Здесь мы описали протокол для подготовки ткани мозга мыши для иммуноэлектронной микроскопии, которая обеспечивает отличный компромисс между оптимальными ультраструктурным сохранение и иммуноцитохимического обнаружения, когда процедуры строго выполняется.

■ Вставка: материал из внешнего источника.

lemma H_W_eigenvalue_Re_ge:
  assumes N: "2 \<le> N" and "0 \<le> J" "0 \<le> \<gamma>" "eigenvalue (H_W N J \<gamma>) \<mu>"
  shows "- (J * real N * (1 + \<gamma>)) \<le> Re \<mu>"
proof (rule eigenvalue_Re_ge_row_bound[where I = "{..<N}"])
  show "(H_W N J \<gamma> *\<^sub>v v) $ r = of_real (J * (\<Sum>i<N. bond_diag N \<gamma> r i)) * v $ r
          + (\<Sum>i<N. of_real (- (J * \<gamma> * bond_hop N r i)) * v $ swap_bond N r i)"
    if "v \<in> carrier_vec (2 ^ N)" "r < 2 ^ N" for v r
    using H_W_mult_vec_index[OF N that] .
  show "- (J * real N * (1 + \<gamma>))
          \<le> Re (of_real (J * (\<Sum>i<N. bond_diag N \<gamma> r i)))
            - (\<Sum>i<N. cmod (of_real (- (J * \<gamma> * bond_hop N r i))))" for r
  proof -
    have "cmod (complex_of_real (- (J * \<gamma> * bond_hop N r i))) = J * (\<gamma> * bond_hop N r i)" for i
      using assms by (simp only: norm_of_real) (simp add: abs_mult bond_hop_def)
    then have "(\<Sum>i<N. cmod (complex_of_real (- (J * \<gamma> * bond_hop N r i))))
            = J * (\<Sum>i<N. \<gamma> * bond_hop N r i)"
      by (simp add: sum_distrib_left)
    then show ?thesis
      using mult_left_mono[OF sum_bond_energy_ge[of N \<gamma> r] \<open>0 \<le> J\<close>]
      by (simp add: sum_subtractf right_diff_distrib)
  qed
qed (use assms H_W_carrier_mat swap_bond_less_pow2 in auto)

lemma hamming_weight_1: "0 < N \<Longrightarrow> hamming_weight N 1 = 1"
proof -
  assume "0 < N"
  then have "{j. j < N \<and> bit (1::nat) j} = {0}"
    unfolding bit_1_iff by auto
  then show ?thesis
    by (simp add: hamming_weight_def)
qed

lemma W_state_index:
  "k < 2 ^ N \<Longrightarrow> W_state N $ k = (if hamming_weight N k = 1 then of_real (1 / sqrt (real N)) else 0)"
  by (simp add: W_state_def hamming_weight_def qbit_eq_bit)

lemma zero_state_index: "k < 2 ^ N \<Longrightarrow> zero_state N $ k = (if hamming_weight N k = 0 then 1 else 0)"
  by (simp add: zero_state_def hamming_weight_eq_0_iff)

lemma one_less_pow2: "0 < N \<Longrightarrow> 1 < (2::nat) ^ N"
  by (rule one_less_power) auto

lemma W_state_1_neq_0: "0 < N \<Longrightarrow> W_state N $ 1 \<noteq> 0"
  unfolding W_state_index[OF one_less_pow2] hamming_weight_1 by simp

lemma zero_state_1_eq_0: "0 < N \<Longrightarrow> zero_state N $ 1 = 0"
  using one_less_pow2 by (simp add: zero_state_def)

lemma W_state_eigenvector:
  assumes "2 \<le> N"
  shows "eigenvector (H_W N J \<gamma>) (W_state N) (of_real (- (J * real N * (1 + \<gamma>))))"
proof -
  have W: "W_state N \<in> carrier_vec (2 ^ N)"
    by (simp add: W_state_def)
  moreover have "W_state N \<noteq> 0\<^sub>v (2 ^ N)"
    using W_state_1_neq_0[of N] one_less_pow2[of N] assms by auto
  moreover have "H_W N J \<gamma> *\<^sub>v W_state N = of_real (- (J * real N * (1 + \<gamma>))) \<cdot>\<^sub>v W_state N"
    using W_state_index
    by (intro H_W_mult_weight_function_vec[OF assms W,
          where f = "\<lambda>w. if w = 1 then of_real (1 / sqrt (real N)) else 0"]) auto
  ultimately show ?thesis
    using H_W_carrier_mat[of N J \<gamma>] by (simp add: eigenvector_def)
qed

lemma zero_state_eigenvector:
  assumes "2 \<le> N"
  shows "eigenvector (H_W N J \<gamma>) (zero_state N) (of_real (- (J * real N * (1 + \<gamma>))))"
proof -
  have zero: "zero_state N \<in> carrier_vec (2 ^ N)"
    by (simp add: zero_state_def)
  moreover have "zero_state N \<noteq> 0\<^sub>v (2 ^ N)"
  proof
    assume "zero_state N = 0\<^sub>v (2 ^ N)"
    then have "zero_state N $ 0 = 0"
      by simp
    then show False
      by (simp add: zero_state_def)
  qed
  moreover have "H_W N J \<gamma> *\<^sub>v zero_state N = of_real (- (J * real N * (1 + \<gamma>))) \<cdot>\<^sub>v zero_state N"
    using zero_state_index
    by (intro H_W_mult_weight_function_vec[OF assms zero, where f = "\<lambda>w. if w = 0 then 1 else 0"])
      auto
  ultimately show ?thesis
    using H_W_carrier_mat[of N J \<gamma>] by (simp add: eigenvector_def)
qed

theorem mainTheorem13:
  fixes N :: nat and J \<gamma> :: real
  assumes "N \<ge> 3" and "J > 0" and "\<gamma> > 0"
  shows "\<exists>E :: complex.
           E \<in> \<real>
         \<and> eigenvector (H_W N J \<gamma>) (W_state N) E
         \<and> (\<forall>\<mu>. eigenvalue (H_W N J \<gamma>) \<mu> \<longrightarrow> Re E \<le> Re \<mu>)
         \<and> eigenvector (H_W N J \<gamma>) (zero_state N) E
         \<and> (\<forall>c :: complex. W_state N \<noteq> c \<cdot>\<^sub>v zero_state N)"
proof (intro exI[of _ "of_real (- (J * real N * (1 + \<gamma>)))"] conjI allI impI)
  have N: "2 \<le> N"
    using assms(1) by simp
  show "eigenvector (H_W N J \<gamma>) (W_state N) (of_real (- (J * real N * (1 + \<gamma>))))"
    using N by (rule W_state_eigenvector)
  show "eigenvector (H_W N J \<gamma>) (zero_state N) (of_real (- (J * real N * (1 + \<gamma>))))"
    using N by (rule zero_state_eigenvector)
  show "Re (of_real (- (J * real N * (1 + \<gamma>)))) \<le> Re \<mu>" if "eigenvalue (H_W N J \<gamma>) \<mu>" for \<mu>
    using H_W_eigenvalue_Re_ge[OF N _ _ that] assms by simp
  show "W_state N \<noteq> c \<cdot>\<^sub>v zero_state N" for c
  proof
    assume "W_state N = c \<cdot>\<^sub>v zero_state N"
    then have "W_state N $ 1 = c * zero_state N $ 1"
      using one_less_pow2[of N] N by (simp add: zero_state_def)
    then show False
      using W_state_1_neq_0[of N] zero_state_1_eq_0[of N] N by simp
  qed
qed (rule Reals_of_real)

end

В сочетании с ТЕМ, этот метод позволяет различать клеточные элементы с несколькими отличительными чертами и определение критериев. В частности, иммунопероксидазного-DAB окрашивание Iba1 позволяет выявить микроглии perikarya и процессов, в рамках нейропиля, а также для анализа их морфологии, внутриклеточных органелл, и ультраструктурные отношения с другими клеточными элементами (рис. 3-6). Кроме того, этот протокол позволяет анализировать ультраструктурным местах растворимых или мембраной белков в глиальных элементов или нейронов, а также их связь с внутриклеточных органелл. Действительно, используя этот протокол со специфическими антителами, ранее мы показали, ультраструктурным локализации 5-HT1A и 5-HT1B серотонинергические рецепторы нейронов perikarya, дендриты, дендритных шипиков, немиелинизированных аксонов, и эндотелиальные клетки взрослой крысы шва спинной ядра, субстанции черная, бледного шара, и в гиппокампе ^2. Мы также показали, ультраструктурным локализации EphA4 и EphB2 тирозин киназ рецепторов в клатриновых пузырьков и различных астроцитов и нейронов элементов в гиппокампе мышей и крыс и коры головного мозга, во время постнатального развития и взрослом возрасте ^3,4,5,6. Наконец, этот протокол может быть объединен с предварительно вложение immunogold проанализировать ультраструктурным отношения между двумя одновременно меченых белков, например, совместно локализации Vglut1 глутаматергической транспортер и EphA4 рецепторов в аксон терминалы взрослой мыши коры головного мозга ^6. Таким образом, эта методика может с успехом применяться по отдельности или в комбинации с маркировки immunogold, для ультраструктурным анализа различных белков в разных регионах и типах клеток центральной нервной системы, на протяжении постнатальной жизни, в норме и патологии.

Materials

Name	Company	Catalog Number	Comments
Sodium pentobarbital (Nembutal)	OVATION Pharmaceuticals
Filter paper 315 24 cm	VWR international	28331-081
*Acrolein purum (≥95%)	Sigma-Aldrich	01680
Sodium borohydride (≥98%)	Sigma-Aldrich	452173
*Prilled paraformaldehyde (PFA) (95%)	Sigma-Aldrich	441244
Normal goat serum	Jackson ImmunoResearch	005-000-121
Rabbit anti-Iba1 primary antibody	Wako Pure Chemical Industries, Ltd.	019-19741	Stored at -20°C, 1:1 in glycerol
Biotin-SP-conjugated AffiniPure F(ab’)2 fragment goat anti-rabbit IgG, Fc fragment specific	Jackson ImmunoResearch	111-066-046	Stored at -20°C, 1:1 in glycerol
Peroxidase-conjugated streptavidin	Jackson ImmunoResearch	016-030-084	Stored at -20°C, 1:1 in glycerol
*Osmium tetroxide 4% solution	Electron Microscopy Sciences	19150	Light sensitive
Propylene oxide (≥99%)	Sigma-Aldrich	82325
Polypropylene disposable beakers (50 mL)	Fisher Scientific	01-291-10
Aluminium weigh dishes (70 mm)	Fisher Scientific	NC9261784
Durcupan epoxy resin	Electron Microscopy Sciences	14040
Embedding mold	Electron Microscopy Sciences	70907
DPX mountant for histology	Sigma-Aldrich	44581
Gelatin subbed slides	VWR international	100241-864
ACLAR embedding films (7.8 mm)	Electron Microscopy Sciences	50425
Capsule mold	Electron Microscopy Sciences	70150
High-performance super glue	Corporate Express	LOC30379
Perfect loop for ultra thin sections	Electron Microscopy Sciences	70944
Superfrost slides	Fisher Scientific	22-178-277
Diamond knife ultra 45° (2.5-3.5 mm)	Diatome
Gelatin from cold water fish skin (~45%)	Sigma-Aldrich	G7765
*One should always work under a fume hood and wear nitrile gloves when handling acrolein, paraformaldehyde, and osmium and should also dispose of their waste properly.